Генка в тот день был в ударе и вовсю фонтанировал хохмами.

Некоторые из его шуток были с душком. Однажды он, например, удивительно точно скопировал выправку кайзера и попросил со всемирно известным гвардейским акцентом:

– Догогие дямы, вы бы не быи стой юбезны пгезентовать стагикю одну гю-моч-ку гогячительного?!

«Догогие дамы» заржали и шутливо отшлепали Булкина по грешным губам салфеткой. Тайный смысл проведенной дамами экзекуции заключался в том, что подобные шутки очень опасны и де могут их всех довести до цугундера. А особую сладость и экзекуции, и передразниванию придавала почти стопроцентная уверенность в том, что времена изменились, и никаких криминальных эксцессов за этой невинной остротой не последует.

Придурок Француз, приревновавший Булкина к успеху, попытался сменить его в роли рассказчика и провалился.

– Кроче… ну это… – с трудом начал он, – мы с Гансом… кроче… зашли… в один… кроче… супер-пупер-крутейший ночник. Ну и там…. кроче… один сука-охранник нас с Гансом… кроче… спрашивает: «Молодые люди, а вам уже исполнилось восемнадцать?». Ну, а Ганс… вы ведь знаете Ганса? (Никто из собравшихся о таинственном Гансе ни сном и ни духом не ведал). Ну, а Ганс, он… кроче… как сунул ему прямо в харю визитку… кроче… своего папашика… ну, и этот охранник прямо на входе… кроче… и обос… обделался.

Обе «дамы» (и Светка, и Ленка) дисциплинированно захихикали, давая понять, что смешнее обделавшегося при виде визитки охранника ничего на свете и быть не может. Черные глазки Француза благодарно замаслились, и всю глубину своего провала он так никогда, похоже, и не понял.

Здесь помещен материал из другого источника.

lemma first_order_expansion_bound:
  fixes G Gb Gt :: "real \<Rightarrow> real \<Rightarrow> real"
  assumes Gb: "\<And>z. min x y \<le> z \<Longrightarrow> z \<le> max x y \<Longrightarrow> ((\<lambda>b. G b t0) has_real_derivative Gb z t0) (at z)"
    and Gt: "\<And>s. t0 \<le> s \<Longrightarrow> s \<le> t1 \<Longrightarrow> ((\<lambda>s. G y s) has_real_derivative Gt y s) (at s)"
    and "t0 \<le> t1"
    and Gt_bound: "\<And>s. t0 \<le> s \<Longrightarrow> s \<le> t1 \<Longrightarrow> \<bar>Gt y s\<bar> \<le> C"
    and Gb_close: "\<And>z. min x y \<le> z \<Longrightarrow> z \<le> max x y \<Longrightarrow> \<bar>Gb z t0 - Gb x t0\<bar> \<le> \<zeta>"
  shows "\<bar>G y t1 - G x t0 - Gb x t0 * (y - x)\<bar> \<le> C * (t1 - t0) + \<zeta> * \<bar>y - x\<bar>"
proof -
  obtain s where s: "min t0 t1 \<le> s" "s \<le> max t0 t1" "G y t1 - G y t0 = (t1 - t0) * Gt y s"
    using mvt_min_max[of t0 t1 "\<lambda>s. G y s" "Gt y"] Gt \<open>t0 \<le> t1\<close> by auto
  have "\<bar>G y t1 - G y t0\<bar> = (t1 - t0) * \<bar>Gt y s\<bar>" using s(3) \<open>t0 \<le> t1\<close> by (simp add: abs_mult)
  also have "\<dots> \<le> (t1 - t0) * C" using s Gt_bound[of s] \<open>t0 \<le> t1\<close> by (intro mult_left_mono) auto
  finally have time: "\<bar>G y t1 - G y t0\<bar> \<le> C * (t1 - t0)" by (simp add: mult.commute)
  obtain z where z: "min x y \<le> z" "z \<le> max x y" "G y t0 - G x t0 = (y - x) * Gb z t0"
    using mvt_min_max[of x y "\<lambda>b. G b t0" "\<lambda>z. Gb z t0"] Gb by blast
  then have "\<bar>G y t0 - G x t0 - Gb x t0 * (y - x)\<bar> = \<bar>y - x\<bar> * \<bar>Gb z t0 - Gb x t0\<bar>"
    by (simp add: abs_mult[symmetric] algebra_simps)
  also have "\<dots> \<le> \<zeta> * \<bar>y - x\<bar>"
    using mult_right_mono[OF Gb_close[OF z(1,2)], of "\<bar>y - x\<bar>"] by (simp add: mult.commute)
  finally have space: "\<bar>G y t0 - G x t0 - Gb x t0 * (y - x)\<bar> \<le> \<zeta> * \<bar>y - x\<bar>" .
  have "\<bar>G y t1 - G x t0 - Gb x t0 * (y - x)\<bar>
      \<le> \<bar>G y t1 - G y t0\<bar> + \<bar>G y t0 - G x t0 - Gb x t0 * (y - x)\<bar>"
    by (rule order_trans[OF _ abs_triangle_ineq]) simp
  with time space show ?thesis by linarith
qed

lemma grid_points:
  fixes t0 :: real
  assumes "0 < m" "0 < n" "0 \<le> t0"
  defines "\<delta> \<equiv> t0 / real (m * n)"
  shows "real (m * n) * \<delta> = t0" "real ((m + 1) * n) * \<delta> = t0 + t0 / real m"
    and "real n * \<delta> = t0 / real m"
    and "\<And>k. m * n \<le> k \<Longrightarrow> k \<le> (m + 1) * n \<Longrightarrow> t0 \<le> real k * \<delta> \<and> real k * \<delta> \<le> t0 + t0 / real m"
proof -
  show mn: "real (m * n) * \<delta> = t0" and n: "real n * \<delta> = t0 / real m"
    using assms by (simp_all add: \<delta>_def)
  show m1n: "real ((m + 1) * n) * \<delta> = t0 + t0 / real m"
    using mn n by (simp add: algebra_simps)
  have "0 \<le> \<delta>" using assms by (simp add: \<delta>_def)
  then show "t0 \<le> real k * \<delta> \<and> real k * \<delta> \<le> t0 + t0 / real m"
    if "m * n \<le> k" "k \<le> (m + 1) * n" for k
    using mult_right_mono[of "real (m * n)" "real k" \<delta>] mult_right_mono[of "real k" "real ((m + 1) * n)" \<delta>]
      that mn m1n by (simp only: of_nat_le_iff)
qed

lemma exists_grid_step:
  assumes "0 < \<tau>0" "0 < t0"
  obtains m :: nat where "0 < m" "t0 / real m \<le> \<tau>0"
proof -
  obtain m :: nat where m: "t0 / \<tau>0 < real m" using reals_Archimedean2 by blast
  moreover have "0 < t0 / \<tau>0" using assms by simp
  ultimately have "0 < m" by simp
  moreover have "t0 / real m \<le> \<tau>0" using m assms \<open>0 < m\<close> by (simp add: field_simps)
  ultimately show ?thesis by (rule that)
qed

lemma mult_sqrt_le_if_le_square:
  fixes \<tau> a C :: real
  assumes "\<tau> \<le> (a / C)\<^sup>2" "0 < C" "0 \<le> a"
  shows "C * sqrt \<tau> \<le> a" and "0 \<le> \<tau> \<Longrightarrow> C * \<tau> \<le> a * sqrt \<tau>"
proof -
  have "sqrt \<tau> \<le> a / C" using real_sqrt_le_mono[OF assms(1)] assms by simp
  then show le: "C * sqrt \<tau> \<le> a" using assms(2) by (simp add: field_simps)
  assume "0 \<le> \<tau>"
  then have "C * sqrt \<tau> * sqrt \<tau> \<le> a * sqrt \<tau>" by (intro mult_right_mono[OF le]) simp
  then show "C * \<tau> \<le> a * sqrt \<tau>" using \<open>0 \<le> \<tau>\<close> by (simp add: mult.assoc)
qed

lemma constant_if_mult_deriv_eq_0:
  fixes f f' :: "real \<Rightarrow> real"
  assumes deriv: "\<And>y. (f has_real_derivative f' y) (at y)" and "\<And>y. f y * f' y = 0"
  shows "\<exists>k. \<forall>y. f y = k"
proof -
  have "((\<lambda>y. f y * f y) has_real_derivative 0) (at x)" for x
    using DERIV_mult[OF deriv deriv, of x] assms(2)[of x] by (simp add: mult.commute)
  then have square: "f y * f y = f 0 * f 0" for y by (rule DERIV_isconst_all[OF allI])
  have "connected (range f)"
    using deriv by (intro connected_continuous_image connected_UNIV continuous_at_imp_continuous_on
        ballI DERIV_isCont)
  have "f y = f 0" for y
  proof (rule ccontr)
    assume "f y \<noteq> f 0"
    then have "f y = - f 0" using square[of y] by (simp add: square_eq_iff)
    then have endpoints: "f 0 \<in> range f" "- f 0 \<in> range f" by (metis rangeI)+
    have "0 \<in> range f"
    proof (cases "f 0 \<le> 0")
      case True
      then show ?thesis by (intro connectedD_interval[OF \<open>connected (range f)\<close> endpoints]) simp_all
    next
      case False
      then show ?thesis by (intro connectedD_interval[OF \<open>connected (range f)\<close> endpoints(2,1)]) simp_all
    qed
    then obtain w where "f w = 0" by auto
    then show False using square[of w] \<open>f y \<noteq> f 0\<close> \<open>f y = - f 0\<close> by simp
  qed
  then show ?thesis by blast
qed
lemma exp_if_deriv_eq_mult:
  fixes f :: "real \<Rightarrow> real"
  assumes "\<And>x. (f has_real_derivative a * f x) (at x)"
  shows "f x = exp (a * x) * f 0"
proof -
  have "((\<lambda>x. f x * exp (- a * x)) has_real_derivative
      a * f y * exp (- a * y) + exp (- a * y) * (- a) * f y) (at y)" for y
    by (rule DERIV_mult[OF assms]) (auto intro!: derivative_eq_intros)
  then have "((\<lambda>x. f x * exp (- a * x)) has_real_derivative 0) (at y)" for y
    by (simp add: algebra_simps)
  from DERIV_isconst_all[OF allI[OF this], of x 0] have "f x * exp (- a * x) = f 0" by simp
  then show ?thesis by (simp add: exp_minus field_simps)
qed

section \<open>Independence and martingale transforms\<close>

lemma (in prob_space) prob_decseq_tendsto_0:
  assumes "range A \<subseteq> events" "decseq A" "AE \<omega> in M. \<omega> \<notin> (\<Inter>i. A i)"
  shows "(\<lambda>n. prob (A n)) \<longlonglongrightarrow> 0"
proof -
  have "(\<Inter>i. A i) \<in> events" using assms(1) by auto
  then have "(\<Inter>i. A i) \<in> null_sets M" using assms(3) AE_iff_null_sets by blast
  then have "prob (\<Inter>i. A i) = 0" by (simp add: measure_eq_0_null_sets)
  then show ?thesis using finite_Lim_measure_decseq[OF assms(1,2)] by simp
qed

lemma (in prob_space) prob_Union_list_le:
  "set As \<subseteq> events \<Longrightarrow> prob (\<Union>(set As)) \<le> sum_list (map prob As)"
proof (induction As)
  case (Cons A As)
  then have "prob (A \<union> \<Union>(set As)) \<le> prob A + prob (\<Union>(set As))"
    by (intro measure_subadditive) auto
  with Cons show ?case by simp
qed simp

…Потом принесли крюшон, от которого В. В. Ведрашко, бывший в те времена воинствующим трезвенником, с негодованием отказался. Потом, не дыша, водрузили на Ленкин проигрыватель принесенный Французом свежий диск культовой группы «The taste of the Hell», но, поелику «Тэйсты» лабали бескомпромиссный хард, танцевать под который было решительно невозможно, их, чуть сконфузившись, через пару минут заменили на отечественную группу «Путь к солнцу».

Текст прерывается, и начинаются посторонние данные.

definition upper_lines :: "pt set \<Rightarrow> pt set" where
  "upper_lines G = {p. inf_snd (uminus ` G) (- snd p)} \<union> {p. inf_snd (prod.swap ` uminus ` G) (- fst p)}"

lemma subsingleton_finite_card:
  assumes "\<forall>a\<in>S. \<forall>b\<in>S. a = b" shows "finite S" "card S \<le> 1"
proof -
  have "S = {} \<or> (\<exists>a. S = {a})" using assms by blast
  then show "finite S" "card S \<le> 1" by auto
qed

lemma subset_two_subsingletons:
  assumes S: "S \<subseteq> A \<union> B"
    and A: "\<forall>a\<in>A. \<forall>b\<in>A. a = b" and B: "\<forall>a\<in>B. \<forall>b\<in>B. a = b"
  shows "finite S" "card S \<le> 2" "y \<in> S \<Longrightarrow> y' \<in> S \<Longrightarrow> y \<noteq> y' \<Longrightarrow> y \<in> A \<and> y' \<in> B \<or> y \<in> B \<and> y' \<in> A"
proof -
  have "finite A" "card A \<le> 1" "finite B" "card B \<le> 1"
    using subsingleton_finite_card[OF A] subsingleton_finite_card[OF B] by blast+
  then show "finite S" using S finite_subset by blast
  have "card S \<le> card (A \<union> B)" using S \<open>finite A\<close> \<open>finite B\<close> by (simp add: card_mono)
  then show "card S \<le> 2" using card_Un_le[of A B] \<open>card A \<le> 1\<close> \<open>card B \<le> 1\<close> by linarith
  show "y \<in> S \<Longrightarrow> y' \<in> S \<Longrightarrow> y \<noteq> y' \<Longrightarrow> y \<in> A \<and> y' \<in> B \<or> y \<in> B \<and> y' \<in> A"
    using S A B by blast
qed

context max_monotone
begin

lemma escapes_below_inf_snd_line:
  assumes nd: "interior (dom_phi G) \<noteq> {}" and bdd: "bdd_below (snd ` G)"
    and esc: "escapes_below G y" and x: "x \<in> Arg G y"
  shows "inf_snd G (snd y)" "infinite ({p. snd p = snd y} \<inter> rel_frontier (dom_phi G))"
proof -
  have l: "inf_snd G (Inf (snd ` G))" by (rule inf_snd_Inf[OF bdd])
  moreover have "snd y = Inf (snd ` G)" by (rule escapes_below_on_inf_snd[OF l esc x])
  ultimately show "inf_snd G (snd y)" "infinite ({p. snd p = snd y} \<inter> rel_frontier (dom_phi G))"
    using infinite_inf_snd_line[OF nd l Arg_dom_phi[OF x]] by simp_all
qed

Две трети собравшихся все равно при этом не танцевали – не умели.

Среди все же осмелившихся выйти на подиум безраздельно царил д’Орвиль, восемь лет занимавшийся бальными танцами, а сущеглупый фон Бюллов, сдуру решивший посостязаться с Французом в дрыгоножестве под музыку, несколько раз наступил Петровой на ногу и с позором ретировался.

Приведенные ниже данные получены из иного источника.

lemma signed_permD:
  assumes "signed_perm r w \<pi> c"
  shows signed_perm_add: "w (\<lambda>n. f n + g n) = (\<lambda>n. w f n + w g n)"
    and signed_perm_mult: "w (\<lambda>n. x * f n) = (\<lambda>n. x * w f n)"
    and signed_perm_restr_eq: "w (restr r f) = w f"
    and signed_perm_range: "a \<in> {1..r} \<Longrightarrow> \<pi> a \<in> {1..r}"
    and signed_perm_inj: "inj_on \<pi> {1..r}"
    and signed_perm_sign: "a \<in> {1..r} \<Longrightarrow> c a \<in> {1, -1}"
    and signed_perm_eps: "a \<in> {1..r} \<Longrightarrow> w (eps a) = (\<lambda>n. c a * eps (\<pi> a) n)"
  using assms unfolding signed_perm_def by blast+

lemma signed_perm_comp:
  assumes s: "signed_perm r s \<pi>1 c1" and w: "signed_perm r w \<pi>2 c2"
  shows "signed_perm r (s \<circ> w) (\<pi>1 \<circ> \<pi>2) (\<lambda>a. c2 a * c1 (\<pi>2 a))"
  unfolding signed_perm_def
proof (intro conjI allI ballI)
  fix a :: nat assume a: "a \<in> {1..r}"
  have "(s \<circ> w) (eps a) = s (\<lambda>n. c2 a * eps (\<pi>2 a) n)" using signed_perm_eps[OF w a] by simp
  also have "\<dots> = (\<lambda>n. c2 a * c1 (\<pi>2 a) * eps ((\<pi>1 \<circ> \<pi>2) a) n)"
    using signed_perm_mult[OF s] signed_perm_eps[OF s signed_perm_range[OF w a]] by (simp add: mult.assoc)
  finally show "(s \<circ> w) (eps a) = (\<lambda>n. c2 a * c1 (\<pi>2 a) * eps ((\<pi>1 \<circ> \<pi>2) a) n)" .
  show "c2 a * c1 (\<pi>2 a) \<in> {1, -1}"
    using signed_perm_sign[OF w a] signed_perm_sign[OF s signed_perm_range[OF w a]] by auto
next
  show "inj_on (\<pi>1 \<circ> \<pi>2) {1..r}"
    using signed_perm_inj[OF s] signed_perm_inj[OF w] signed_perm_range[OF w]
    by (blast intro: comp_inj_on inj_on_subset)
  show "(\<pi>1 \<circ> \<pi>2) ` {1..r} \<subseteq> {1..r}"
    using signed_perm_range[OF s] signed_perm_range[OF w] by auto
qed (simp_all add: signed_perm_add[OF s] signed_perm_add[OF w] signed_perm_mult[OF s]
       signed_perm_mult[OF w] signed_perm_restr_eq[OF w])

lemma signed_perm_gen_grp:
  assumes "\<And>s. s \<in> S \<Longrightarrow> \<exists>\<pi> c. signed_perm r s \<pi> c" "w \<in> gen_grp r S"
  shows "\<exists>\<pi> c. signed_perm r w \<pi> c"
  using assms(2)
proof induction
  case unit
  then show ?case using signed_perm_restr by blast
next
  case (step s w)
  then show ?case using assms(1) signed_perm_comp by blast
qed

lemma signed_permI:
  assumes w: "\<And>l. w l = (\<lambda>j. if j \<in> {1..r} then d j * l (\<pi> j) else 0)"
    and \<pi>: "\<And>j. j \<in> {1..r} \<Longrightarrow> \<pi> j \<in> {1..r} \<and> \<pi> (\<pi> j) = j"
    and d: "\<And>j. j \<in> {1..r} \<Longrightarrow> d j \<in> {1, -1}"
  shows "signed_perm r w \<pi> (\<lambda>a. d (\<pi> a))"
proof -
  have "w (eps a) = (\<lambda>n. d (\<pi> a) * eps (\<pi> a) n)" if "a \<in> {1..r}" for a
  proof
    fix n
    have "n \<in> {1..r} \<and> \<pi> n = a \<longleftrightarrow> n = \<pi> a" using \<pi> that by metis
    then show "w (eps a) n = d (\<pi> a) * eps (\<pi> a) n" by (auto simp: w eps_def)
  qed
  moreover have "inj_on \<pi> {1..r}" by (rule inj_on_inverseI[where g=\<pi>]) (use \<pi> in blast)
  ultimately show ?thesis
    using \<pi> d unfolding signed_perm_def by (auto simp: w restr_def fun_eq_iff algebra_simps)
qed

lemma signed_perm_eps2:
  assumes w: "signed_perm r w \<pi> c" and "x \<in> {1..r}" "y \<in> {1..r}"
  shows "w (eps2 c' x d' y) = eps2 (c' * c x) (\<pi> x) (d' * c y) (\<pi> y)"
  using assms unfolding eps2_def
  by (simp add: signed_perm_add[OF w] signed_perm_mult[OF w] signed_perm_eps[OF w] mult.assoc)

lemma signed_perm_uminus: "signed_perm r w \<pi> c \<Longrightarrow> w (\<lambda>n. - b n) = (\<lambda>n. - w b n)"
  using signed_perm_mult[of r w \<pi> c "-1"] by simp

Потом приглушили свет и включили «Битлз». На середине «Сержанта Пеппера» ушлая Ленка уединилась в соседней комнате с Костей Стругацким, а оставшаяся за хозяйку Петрова тоже укрылась с кем-то за занавеской.

Умиравший от ревности В. В. Ведрашко незаметно приблизился к закрывавшей Петрову шторе, чуть-чуть отодвинул и – зыркнул.

…Петрова стояла одна. Ее светящееся круглое личико, переполненные грустью глаза и скромное серое платье навсегда запомнились будущему художнику слова, запомнились настолько ярко, что в своих, прямо скажем, неважных текстах он не раз и не два пытался передать переполнявшее его в тот вечер чувство, но сделать этого так и не смог.

Не хватало таланта.

                II

Когда Булкин с Ромашкиным в полтретьего ночи залезли по водосточной трубе на родной им четвертый этаж спального корпуса, вся их пятьдесят пятая комната уже, естественно, беспробудно дрыхла. Вся. За исключением Грумдта. Грумдт сидел на кровати и по-петровски печально смотрел в окно.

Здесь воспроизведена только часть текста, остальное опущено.